It is to be understood that both the foregoing general description and the following detailed description are exemplary and explanatory only and are not restrictive of the application.
Drawings
The foregoing and other objects, features and advantages of the application will be apparent from the following more particular descriptions of exemplary embodiments of the application as illustrated in the accompanying drawings wherein like reference numbers generally represent like parts throughout the exemplary embodiments of the application.
Fig. 1 is a schematic view of an application scenario in an embodiment of the present application;
FIG. 2 is a flow chart of a method for detecting abnormal hardware in a graphics processor according to an embodiment of the present application;
FIG. 3 is a schematic diagram of a device for detecting abnormal hardware in a graphics processor according to an embodiment of the present application;
fig. 4 is a schematic structural diagram of an electronic device according to an embodiment of the present application.
Detailed Description
Embodiments of the present application will be described in more detail below with reference to the accompanying drawings. While embodiments of the present application are shown in the drawings, it should be understood that the present application may be embodied in various forms and should not be limited to the embodiments set forth herein. Rather, these embodiments are provided so that this disclosure will be thorough and complete, and will fully convey the scope of the disclosure to those skilled in the art.

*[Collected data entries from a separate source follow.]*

lemma sum_shift_convolution:
  fixes g :: "nat \<Rightarrow> complex"
  assumes "\<And>r. r \<ge> M \<Longrightarrow> g r = 0" "j < n" "M \<le> n"
  shows "(\<Sum>r<M. g r * coeff (monom 1 r * X) j) = (\<Sum>k\<le>j. g k * coeff X (j - k))"
proof -
  have "(\<Sum>r<M. g r * coeff (monom 1 r * X) j) = (\<Sum>r<n. g r * coeff (monom 1 r * X) j)"
    by (rule sum.mono_neutral_left) (use assms in auto)
  also have "\<dots> = (\<Sum>r<n. if r \<in> {..j} then g r * coeff X (j - r) else 0)"
    by (rule sum.cong) (auto simp: coeff_monom_mult)
  also have "\<dots> = (\<Sum>r\<in>{..<n} \<inter> {..j}. g r * coeff X (j - r))"
    by (simp add: sum.inter_restrict)
  also have "{..<n} \<inter> {..j} = {..j}"
    using assms(2) by auto
  finally show ?thesis .
qed

lemma bezout_sylvester_factor_mult_entry:
  fixes U V :: "complex poly"
  assumes S: "S \<in> carrier_mat n n"
    and S_entry: "\<And>r j. r < n \<Longrightarrow> j < n \<Longrightarrow> S $$ (r, j) =
           (if r < n - \<mu> then coeff (monom 1 r * U) j else coeff (monom 1 (r - (n - \<mu>)) * V) j)"
    and GP: "\<And>i r. r \<ge> \<mu> \<Longrightarrow> st_coeff GP i r = 0"
    and GQ: "\<And>i r. r \<ge> n - \<mu> \<Longrightarrow> st_coeff GQ i r = 0"
    and "\<mu> \<le> n - \<mu>" "i < n" "j < n"
  shows "(bezout_sylvester_factor n \<mu> h0 GP GQ * S) $$ (i, j) =
           ((\<Sum>k\<le>j. st_coeff GP i k * coeff V (j - k))
            - (\<Sum>k\<le>j. st_coeff GQ i k * coeff U (j - k))) / h0"
proof -
  let ?N = "bezout_sylvester_factor n \<mu> h0 GP GQ"
  have "(?N * S) $$ (i, j) = (\<Sum>r<n. ?N $$ (i, r) * S $$ (r, j))"
    using S assms(6,7) bezout_sylvester_factor_carrier[of n \<mu> h0 GP GQ]
    by (auto simp: scalar_prod_def atLeast0LessThan intro!: sum.cong)
  also have "\<dots> = (\<Sum>r<n - \<mu>. ?N $$ (i, r) * S $$ (r, j))
                 + (\<Sum>k<\<mu>. ?N $$ (i, n - \<mu> + k) * S $$ (n - \<mu> + k, j))"
    using sum_lessThan_add[where a = "n - \<mu>" and b = \<mu>] assms(5) by simp
  also have "\<dots> = (\<Sum>r<n - \<mu>. - (st_coeff GQ i r / h0) * coeff (monom 1 r * U) j)
                 + (\<Sum>k<\<mu>. st_coeff GP i k / h0 * coeff (monom 1 k * V) j)"
    using assms(5-7)
    by (auto simp: bezout_sylvester_factor_def S_entry intro!: sum.cong arg_cong2[where f = "(+)"])
  also have "\<dots> = ((\<Sum>k<\<mu>. st_coeff GP i k * coeff (monom 1 k * V) j)
                 - (\<Sum>r<n - \<mu>. st_coeff GQ i r * coeff (monom 1 r * U) j)) / h0"
    by (simp add: sum_divide_distrib sum_negf diff_divide_distrib)
  also have "\<dots> = ((\<Sum>k\<le>j. st_coeff GP i k * coeff V (j - k))
                 - (\<Sum>k\<le>j. st_coeff GQ i k * coeff U (j - k))) / h0"
    using sum_shift_convolution[of \<mu> "\<lambda>r. st_coeff GP i r" j n V]
      sum_shift_convolution[of "n - \<mu>" "\<lambda>r. st_coeff GQ i r" j n U] GP GQ assms(5,7)
    by auto
  finally show ?thesis .
qed
lemma renormalized_cap_le:
  fixes eps a x n_in n_out n :: real
  assumes eps: "0 \<le> eps" "eps < 1/2" and "a < 1" "0 < n_in"
    and counts: "n_in + n_out = n" "n_out \<le> eps * n"
    and outlier_mass: "a * ((1 - eps) * n) \<le> n_out"
    and x: "x \<le> 1 / ((1 - eps) * n)"
  shows "x / (1 - a) \<le> 1 / ((1 - eps / (1 - eps)) * n_in)"
proof -
  have "(1 - 2 * eps) * n_in = (1 - eps)\<^sup>2 * n - (1 - eps) * n_out - (eps * (eps * n) - eps * n_out)"
    using counts(1) by (auto simp: power2_eq_square algebra_simps)
  also have "\<dots> \<le> (1 - eps)\<^sup>2 * n - (1 - eps) * n_out"
    using counts(2) eps by (simp add: mult_left_mono)
  also have "\<dots> \<le> (1 - eps)\<^sup>2 * n - (1 - eps) * (a * ((1 - eps) * n))"
    using outlier_mass eps by (simp add: mult_left_mono)
  also have "\<dots> = (1 - eps) * ((1 - eps) * n * (1 - a))"
    by (simp add: power2_eq_square algebra_simps)
  finally have key: "(1 - 2 * eps) * n_in \<le> (1 - eps) * ((1 - eps) * n * (1 - a))" .
  have "x / (1 - a) \<le> 1 / ((1 - eps) * n) / (1 - a)"
    using x \<open>a < 1\<close> by (intro divide_right_mono) auto
  also have "\<dots> = (1 - eps) / ((1 - eps) * ((1 - eps) * n * (1 - a)))"
    using eps by simp
  also have "\<dots> \<le> (1 - eps) / ((1 - 2 * eps) * n_in)"
    using key \<open>0 < n_in\<close> eps by (intro frac_le) auto
  also have "\<dots> = 1 / ((1 - eps / (1 - eps)) * n_in)"
    using eps by (simp add: field_simps)
  finally show ?thesis .
qed

lemma capped_simplex_renormalize:
  assumes eps: "0 \<le> eps" "eps < 1/2"
    and part: "Iin \<union> Iout = {1..N}" "Iin \<inter> Iout = {}" "real (card Iout) \<le> eps * real N"
    and w: "w \<in> capped_simplex {1..N} eps"
  defines "a \<equiv> \<Sum>n\<in>Iout. w n"
  shows "a \<le> eps / (1 - eps)" and "a < 1"
    and "(\<lambda>n. w n / (1 - a)) \<in> capped_simplex Iin (eps / (1 - eps))"
proof -
  have "N \<noteq> 0" using w by (cases N) (auto simp: capped_simplex_def)
  have outlier_mass: "a * ((1 - eps) * real N) \<le> real (card Iout)"
    unfolding a_def using capped_simplex_mass_le[OF w _ _, of Iout] part(1) eps by auto
  then have "a * (1 - eps) * real N \<le> eps * real N" using part(3) by (simp add: mult_ac)
  then have a_bound: "a * (1 - eps) \<le> eps" using \<open>N \<noteq> 0\<close> by simp
  then show "a \<le> eps / (1 - eps)" using eps by (simp add: pos_le_divide_eq)
  have "a * (1 - eps) < 1 * (1 - eps)" using a_bound eps by (simp add: algebra_simps)
  then show "a < 1" using eps by (simp only: mult_less_cancel_right)
  have w_nonneg: "0 \<le> w n" and w_le: "w n \<le> 1 / ((1 - eps) * real N)" if "n \<in> Iin" for n
    using w that part(1) unfolding capped_simplex_def by auto
  have "(\<Sum>n\<in>{1..N}. w n) = (\<Sum>n\<in>Iin. w n) + a"
    unfolding a_def using part(1,2) by (metis finite_Un finite_atLeastAtMost sum.union_disjoint)
  then have mass_in: "(\<Sum>n\<in>Iin. w n) = 1 - a" using w by (simp add: capped_simplex_def)
  have "0 < (1 - eps) * real N" using eps \<open>N \<noteq> 0\<close> by simp
  also have "\<dots> \<le> real (card Iin)"
    using partition_card[OF part(1,2)] part(3) by (simp add: algebra_simps)
  finally have "0 < real (card Iin)" .
  then have "w n / (1 - a) \<le> 1 / ((1 - eps / (1 - eps)) * real (card Iin))" if "n \<in> Iin" for n
    using eps \<open>a < 1\<close> partition_card[OF part(1,2)] part(3) outlier_mass w_le[OF that]
    by (intro renormalized_cap_le) auto
  moreover have "(\<Sum>n\<in>Iin. w n / (1 - a)) = 1"
    using mass_in \<open>a < 1\<close> by (simp add: sum_divide_distrib[symmetric])
  ultimately show "(\<lambda>n. w n / (1 - a)) \<in> capped_simplex Iin (eps / (1 - eps))"
    using w_nonneg \<open>a < 1\<close> by (auto simp: capped_simplex_def)
qed

lemma inlier_stable_weighted_mean_error:
  fixes g :: "nat \<Rightarrow> real^'p"
  assumes eps: "0 \<le> eps" "eps < 1/2"
    and stable: "inlier_stable N eps g mu Sig dmu dS"
    and w: "w \<in> capped_simplex {1..N} eps"
  shows "norm ((\<Sum>n\<in>{1..N}. w n *\<^sub>R g n) - mu)
    \<le> dmu + sqrt (eps / (1 - 2 * eps)) * sqrt (gamma N g w c)"
proof -
  obtain Iin Iout where part: "Iin \<union> Iout = {1..N}" "Iin \<inter> Iout = {}" "real (card Iout) \<le> eps * real N"
    and inlier_mean: "\<And>v. v \<in> capped_simplex Iin (eps / (1 - eps))
      \<Longrightarrow> norm (\<Sum>n\<in>Iin. v n *\<^sub>R (g n - mu)) \<le> dmu"
    using stable unfolding inlier_stable_def by blast
  define a where "a = (\<Sum>n\<in>Iout. w n)"
  have a_le: "a \<le> eps / (1 - eps)" and "a < 1"
    and w_in: "(\<lambda>n. w n / (1 - a)) \<in> capped_simplex Iin (eps / (1 - eps))"
    using capped_simplex_renormalize[OF eps part w] by (simp_all add: a_def)
  define m_in where "m_in = (1 / (1 - a)) *\<^sub>R (\<Sum>n\<in>Iin. w n *\<^sub>R g n)"
  have "m_in - mu = (\<Sum>n\<in>Iin. (w n / (1 - a)) *\<^sub>R (g n - mu))"
    using w_in by (simp add: m_in_def capped_simplex_def scaleR_diff_right sum_subtractf
        scaleR_sum_right scaleR_sum_left[symmetric])
  then have near_in: "norm (m_in - mu) \<le> dmu" using inlier_mean[OF w_in] by simp
  have Iout_eq: "{1..N} - Iin = Iout" using part(1,2) by blast
  have "(norm (m_in - (\<Sum>n\<in>{1..N}. w n *\<^sub>R g n)))\<^sup>2 \<le> a / (1 - a) * gamma N g w c"
    unfolding m_in_def
  proof (rule restricted_mean_deviation)
    show "Iin \<subseteq> {1..N}" using part(1) by blast
    show "a = (\<Sum>n\<in>{1..N} - Iin. w n)" by (simp only: Iout_eq a_def)
  qed (use w \<open>a < 1\<close> in \<open>auto simp: capped_simplex_def\<close>)
  also have "\<dots> \<le> eps / (1 - 2 * eps) * gamma N g w c"
  proof (rule mult_right_mono[OF _ gamma_nonneg])
    show "a / (1 - a) \<le> eps / (1 - 2 * eps)"
      using a_le \<open>a < 1\<close> eps by (simp add: field_simps)
  qed
  finally have "norm (m_in - (\<Sum>n\<in>{1..N}. w n *\<^sub>R g n))
      \<le> sqrt (eps / (1 - 2 * eps) * gamma N g w c)"
    by (rule real_le_rsqrt)
  then have far: "norm (m_in - (\<Sum>n\<in>{1..N}. w n *\<^sub>R g n))
      \<le> sqrt (eps / (1 - 2 * eps)) * sqrt (gamma N g w c)"
    by (simp only: real_sqrt_mult)
  have "norm ((\<Sum>n\<in>{1..N}. w n *\<^sub>R g n) - mu)
      \<le> norm (m_in - mu) + norm (m_in - (\<Sum>n\<in>{1..N}. w n *\<^sub>R g n))"
    using norm_triangle_sub[of "(\<Sum>n\<in>{1..N}. w n *\<^sub>R g n) - mu" "m_in - mu"]
    by (simp add: norm_minus_commute)
  then show ?thesis using near_in far by linarith
qed

lemma loewner_le_inner: "loewner_le A B \<Longrightarrow> v \<bullet> (A *v v) \<le> v \<bullet> (B *v v)"
  unfolding loewner_le_def psd_def by (simp add: matrix_vector_mult_diff_rdistrib inner_diff_right)

lemma inner_plus_scaled_identity_le: "v \<bullet> ((S + d *\<^sub>R mat 1) *v v) \<le> (op_norm S + d) * (norm v)\<^sup>2"
  using inner_le_op_norm[of v S]
  by (simp add: matrix_vector_mult_add_rdistrib scaleR_matrix_vector_assoc[symmetric] inner_add_right
      power2_norm_eq_inner algebra_simps)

The terminology used in the present application is for the purpose of describing particular embodiments only and is not intended to be limiting of the present application. As used in this application and the appended claims, the singular forms "a," "an," and "the" are intended to include the plural forms as well, unless the context clearly indicates otherwise. It should also be understood that the term "and/or" as used herein refers to and encompasses any or all possible combinations of one or more of the associated listed items.
It should be understood that although the terms "first," "second," "third," etc. may be used herein to describe various information, these information should not be limited by these terms. These terms are only used to distinguish one type of information from another. For example, a first message may also be referred to as a second message, and similarly, a second message may also be referred to as a first message, without departing from the scope of the present application. Thus, a feature defining "a first" or "a second" may explicitly or implicitly include one or more such feature. In the description of the present application, the meaning of "a plurality" is two or more, unless explicitly defined otherwise.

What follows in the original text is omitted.